#### Material provided:
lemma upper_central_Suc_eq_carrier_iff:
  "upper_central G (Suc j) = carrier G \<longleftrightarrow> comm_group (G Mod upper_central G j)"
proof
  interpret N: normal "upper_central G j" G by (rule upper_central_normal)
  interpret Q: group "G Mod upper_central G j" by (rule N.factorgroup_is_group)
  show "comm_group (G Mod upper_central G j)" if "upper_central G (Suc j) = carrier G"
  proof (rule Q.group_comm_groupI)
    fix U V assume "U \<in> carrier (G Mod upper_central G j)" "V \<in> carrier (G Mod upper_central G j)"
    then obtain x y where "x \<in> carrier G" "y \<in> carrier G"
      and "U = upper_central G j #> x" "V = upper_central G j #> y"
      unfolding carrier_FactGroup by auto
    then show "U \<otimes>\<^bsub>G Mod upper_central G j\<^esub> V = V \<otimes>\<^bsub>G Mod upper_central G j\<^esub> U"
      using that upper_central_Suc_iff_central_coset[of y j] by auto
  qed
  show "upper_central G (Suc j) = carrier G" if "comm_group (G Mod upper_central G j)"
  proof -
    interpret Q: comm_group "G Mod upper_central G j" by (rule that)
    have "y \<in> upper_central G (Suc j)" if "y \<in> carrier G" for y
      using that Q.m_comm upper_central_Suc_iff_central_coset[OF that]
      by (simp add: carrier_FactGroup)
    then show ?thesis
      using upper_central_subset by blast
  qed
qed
...
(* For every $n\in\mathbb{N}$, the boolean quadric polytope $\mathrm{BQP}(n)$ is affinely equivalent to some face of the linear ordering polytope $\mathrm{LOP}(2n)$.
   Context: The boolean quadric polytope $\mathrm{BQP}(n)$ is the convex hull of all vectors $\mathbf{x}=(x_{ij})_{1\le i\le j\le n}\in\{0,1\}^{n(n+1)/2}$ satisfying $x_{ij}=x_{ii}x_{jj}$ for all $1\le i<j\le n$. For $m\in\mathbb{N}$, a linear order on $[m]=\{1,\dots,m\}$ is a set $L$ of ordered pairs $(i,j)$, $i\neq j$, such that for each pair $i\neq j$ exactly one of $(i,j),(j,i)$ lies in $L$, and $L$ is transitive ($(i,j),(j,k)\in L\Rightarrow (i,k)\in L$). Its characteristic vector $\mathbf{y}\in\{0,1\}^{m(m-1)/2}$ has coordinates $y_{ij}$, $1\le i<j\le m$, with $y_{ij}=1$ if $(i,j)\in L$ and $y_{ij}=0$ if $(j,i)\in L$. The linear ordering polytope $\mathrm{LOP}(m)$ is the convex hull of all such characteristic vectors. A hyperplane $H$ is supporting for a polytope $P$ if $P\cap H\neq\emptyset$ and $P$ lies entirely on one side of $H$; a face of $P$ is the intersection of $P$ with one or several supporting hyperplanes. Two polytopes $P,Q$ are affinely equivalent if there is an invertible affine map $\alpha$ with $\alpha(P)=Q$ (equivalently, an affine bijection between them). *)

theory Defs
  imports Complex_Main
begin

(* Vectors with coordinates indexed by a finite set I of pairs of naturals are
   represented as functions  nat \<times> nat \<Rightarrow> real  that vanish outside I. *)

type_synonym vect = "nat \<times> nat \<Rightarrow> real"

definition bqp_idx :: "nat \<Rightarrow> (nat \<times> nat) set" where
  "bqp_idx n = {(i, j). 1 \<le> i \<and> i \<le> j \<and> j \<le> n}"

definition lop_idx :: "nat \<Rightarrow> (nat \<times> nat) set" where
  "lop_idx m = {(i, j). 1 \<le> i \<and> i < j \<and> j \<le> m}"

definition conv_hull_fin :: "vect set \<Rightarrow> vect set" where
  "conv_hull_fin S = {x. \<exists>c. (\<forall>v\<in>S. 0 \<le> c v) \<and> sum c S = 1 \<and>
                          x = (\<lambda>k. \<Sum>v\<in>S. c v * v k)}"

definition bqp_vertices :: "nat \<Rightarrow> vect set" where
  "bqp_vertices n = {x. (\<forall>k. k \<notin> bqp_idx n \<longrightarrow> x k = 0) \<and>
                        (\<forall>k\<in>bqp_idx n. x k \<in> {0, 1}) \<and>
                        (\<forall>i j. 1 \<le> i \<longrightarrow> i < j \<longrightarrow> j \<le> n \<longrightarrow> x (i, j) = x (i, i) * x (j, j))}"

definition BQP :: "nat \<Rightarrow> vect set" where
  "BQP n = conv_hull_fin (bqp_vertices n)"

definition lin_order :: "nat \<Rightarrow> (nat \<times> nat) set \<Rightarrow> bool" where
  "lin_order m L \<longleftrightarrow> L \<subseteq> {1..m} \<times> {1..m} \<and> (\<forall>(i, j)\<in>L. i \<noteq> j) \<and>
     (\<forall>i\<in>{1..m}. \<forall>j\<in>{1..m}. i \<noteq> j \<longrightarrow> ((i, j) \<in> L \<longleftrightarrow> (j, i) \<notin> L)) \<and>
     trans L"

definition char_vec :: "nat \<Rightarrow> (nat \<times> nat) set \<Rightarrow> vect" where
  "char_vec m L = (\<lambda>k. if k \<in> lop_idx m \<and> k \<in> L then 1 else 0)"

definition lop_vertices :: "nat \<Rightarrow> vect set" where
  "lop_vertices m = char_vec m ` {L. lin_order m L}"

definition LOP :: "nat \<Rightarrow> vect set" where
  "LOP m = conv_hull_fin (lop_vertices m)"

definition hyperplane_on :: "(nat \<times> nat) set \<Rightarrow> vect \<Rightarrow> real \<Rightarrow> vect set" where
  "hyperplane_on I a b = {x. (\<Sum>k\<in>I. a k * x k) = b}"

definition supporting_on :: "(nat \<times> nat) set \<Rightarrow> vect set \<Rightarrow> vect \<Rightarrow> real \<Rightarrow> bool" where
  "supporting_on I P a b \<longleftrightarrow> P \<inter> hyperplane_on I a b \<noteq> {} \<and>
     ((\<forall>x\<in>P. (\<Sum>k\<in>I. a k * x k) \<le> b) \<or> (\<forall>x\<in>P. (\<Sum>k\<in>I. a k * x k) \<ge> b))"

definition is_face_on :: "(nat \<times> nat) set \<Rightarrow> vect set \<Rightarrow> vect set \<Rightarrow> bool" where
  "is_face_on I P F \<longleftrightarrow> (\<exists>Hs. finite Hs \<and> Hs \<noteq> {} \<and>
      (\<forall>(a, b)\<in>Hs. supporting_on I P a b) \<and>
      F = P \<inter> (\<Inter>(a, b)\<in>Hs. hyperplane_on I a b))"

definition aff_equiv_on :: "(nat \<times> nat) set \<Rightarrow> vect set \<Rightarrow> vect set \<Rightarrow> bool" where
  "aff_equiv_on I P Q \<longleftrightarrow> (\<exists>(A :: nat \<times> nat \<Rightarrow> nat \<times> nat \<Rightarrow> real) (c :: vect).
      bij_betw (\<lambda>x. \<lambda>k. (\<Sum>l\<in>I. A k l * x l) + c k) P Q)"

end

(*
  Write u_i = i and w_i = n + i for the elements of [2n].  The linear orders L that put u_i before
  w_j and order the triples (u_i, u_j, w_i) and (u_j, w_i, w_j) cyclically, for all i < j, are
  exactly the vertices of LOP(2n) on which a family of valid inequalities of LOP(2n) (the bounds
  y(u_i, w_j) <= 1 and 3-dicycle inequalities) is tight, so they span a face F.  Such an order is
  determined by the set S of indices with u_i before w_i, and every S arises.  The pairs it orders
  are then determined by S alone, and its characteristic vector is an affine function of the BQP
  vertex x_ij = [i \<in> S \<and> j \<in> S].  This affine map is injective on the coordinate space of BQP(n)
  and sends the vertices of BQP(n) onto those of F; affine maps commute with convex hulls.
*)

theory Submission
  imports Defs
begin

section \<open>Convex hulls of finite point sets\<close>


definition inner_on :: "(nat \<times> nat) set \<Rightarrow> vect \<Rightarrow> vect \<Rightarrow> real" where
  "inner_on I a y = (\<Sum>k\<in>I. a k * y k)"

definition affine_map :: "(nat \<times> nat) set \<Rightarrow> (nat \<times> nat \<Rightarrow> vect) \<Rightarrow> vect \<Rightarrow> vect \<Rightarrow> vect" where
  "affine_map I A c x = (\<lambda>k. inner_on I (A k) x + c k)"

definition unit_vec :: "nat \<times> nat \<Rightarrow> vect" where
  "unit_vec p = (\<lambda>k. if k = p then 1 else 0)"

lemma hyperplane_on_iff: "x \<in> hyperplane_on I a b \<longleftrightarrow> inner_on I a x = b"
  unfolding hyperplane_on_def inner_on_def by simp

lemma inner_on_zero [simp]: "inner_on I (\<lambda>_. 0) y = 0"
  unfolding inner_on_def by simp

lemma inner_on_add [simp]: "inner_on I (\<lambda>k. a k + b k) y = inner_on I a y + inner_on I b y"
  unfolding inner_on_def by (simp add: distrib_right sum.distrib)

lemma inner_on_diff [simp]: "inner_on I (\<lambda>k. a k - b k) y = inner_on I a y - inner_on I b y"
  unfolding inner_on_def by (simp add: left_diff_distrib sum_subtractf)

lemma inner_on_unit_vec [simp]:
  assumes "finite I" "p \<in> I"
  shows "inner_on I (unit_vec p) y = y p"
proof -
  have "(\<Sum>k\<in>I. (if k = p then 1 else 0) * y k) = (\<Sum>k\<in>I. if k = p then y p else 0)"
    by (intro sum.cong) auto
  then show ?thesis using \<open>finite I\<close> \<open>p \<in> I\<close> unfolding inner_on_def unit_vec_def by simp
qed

#### Task to complete:
All lines in the data above from the one with "theory Submission" through the one with "y = (\<Sum>k\<in>I." must be repeated exactly, and no others.

#### Response to the exercise:
theory Submission
  imports Defs
begin

section \<open>Convex hulls of finite point sets\<close>


definition inner_on :: "(nat \<times> nat) set \<Rightarrow> vect \<Rightarrow> vect \<Rightarrow> real" where
  "inner_on I a y = (\<Sum>k\<in>I. a k * y k)"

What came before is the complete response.